Convergent evolution is common throughout the tree of life, but the molecular mechanisms causing similar phenotypes to appear repeatedly are obscure. Yeasts have arisen in multiple fungal clades, but the genetic causes and consequences of their evolutionary origins are unknown. Here we show that the potential to develop yeast forms arose early in fungal evolution and became dominant independently in multiple clades, most likely via parallel diversification of Zn-cluster transcription factors, a fungal-specific family involved in regulating yeast–filamentous switches. Our results imply that convergent evolution can happen by the repeated deployment of a conserved genetic toolkit for the same function in distinct clades via regulatory evolution.
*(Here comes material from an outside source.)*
(* Let $f_1,\dots,f_n:\mathbb{R}^p\to\mathbb{R}$ be continuously differentiable and $L$-smooth, let $g=\frac1n\sum_if_i\in\mathcal S(m,L)$ with $m>0$ and minimizer $x^*$, and let $i_k$ be sampled IID uniformly from $\{1,\dots,n\}$. Let $\gamma=-m$ if every $f_i\in\mathcal F(m,L)$, $\gamma=0$ if every $f_i\in\mathcal F(0,L)$, and $\gamma=L$ if the $f_i$ are only assumed $L$-smooth. Consider Finito with stepsize $\alpha>0$ and define $v^k=\frac1n\sum_{i=1}^nx_i^k-\alpha\sum_{i=1}^ny_i^k$. Given any testing rate with $1-\frac1n\le\rho^2\le1$, if there exist positive scalars $p_1,p_4$ and nonnegative scalars $\lambda_1,\lambda_2$ such that $$\alpha^2-2\lambda_2+p_1<0,$$ $$n(1-\rho^2)p_1-p_1+2\alpha^2-\frac{2\alpha^4}{\alpha^2-2\lambda_2+p_1}\le0,$$ $$n(1-\rho^2)p_4-p_4+\frac2{n^2}-\frac{2\alpha^2}{n^2(\alpha^2-2\lambda_2+p_1)}\le0,$$ $$p_4-\rho^2+2L\gamma\lambda_2-2Lm\lambda_1+1-\frac{((L+m)\lambda_1+(L-\gamma)\lambda_2-\alpha)^2}{\alpha^2-2\lambda_1-2\lambda_2+p_1}\le0,$$ then Finito with any initial $x_i^0,y_i^0\in\mathbb{R}^p$ satisfies $$\mathbb{E}\left[p_4\sum_{i=1}^n\|x_i^k-x^*\|^2+p_1\sum_{i=1}^n\|y_i^k-\nabla f_i(x^* )\|^2+\|v^k-x^*\|^2\right]\le\rho^{2k}R^0,$$ where $R^0=p_4\sum_i\|x_i^0-x^*\|^2+p_1\sum_i\|y_i^0-\nabla f_i(x^* )\|^2+\|v^0-x^*\|^2$.
   Context: A continuously differentiable $f:\mathbb{R}^p\to\mathbb{R}$ is $L$-smooth if $\|\nabla f(x)-\nabla f(y)\|\le L\|x-y\|$; $\mathcal F(m,L)$ denotes the continuously differentiable, $L$-smooth, $m$-strongly convex functions; $\mathcal F(0,L)$ the convex $L$-smooth ones. $\mathcal S(m,L)$ is the set of continuously differentiable $g$ with a unique $x^*$ such that $\nabla g(x^* )=0$ and, for all $x$, $\begin{bmatrix}x-x^*\\\nabla g(x)\end{bmatrix}^T\begin{bmatrix}-2mLI_p&(L+m)I_p\\(L+m)I_p&-2I_p\end{bmatrix}\begin{bmatrix}x-x^*\\\nabla g(x)\end{bmatrix}\ge0$. Finito: at step $k$, $x_i^{k+1}=\frac1n\sum_{j=1}^nx_j^k-\alpha\sum_{j=1}^ny_j^k$ if $i=i_k$ and $x_i^{k+1}=x_i^k$ otherwise; then $y_i^{k+1}=\nabla f_i(x_i^{k+1})$ if $i=i_k$ and $y_i^{k+1}=y_i^k$ otherwise. Expectation is over the random indices. *)

theory Defs
  imports "HOL-Analysis.Analysis"
begin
We suggest that this mechanism might be a common source of evolutionary convergence even at large time scales.

Suggested Citation

  • László G. Nagy & Robin A. Ohm & Gábor M. Kovács & Dimitrios Floudas & Robert Riley & Attila Gácser & Mátyás Sipiczki & John M. Davis & Sharon L. Doty & G Sybren de Hoog & B. Franz Lang & Joseph W. Spa, 2014. "Latent homology and convergent regulatory evolution underlies the repeated emergence of yeasts," Nature Communications, Nature, vol. 5(1), pages 1-8, December.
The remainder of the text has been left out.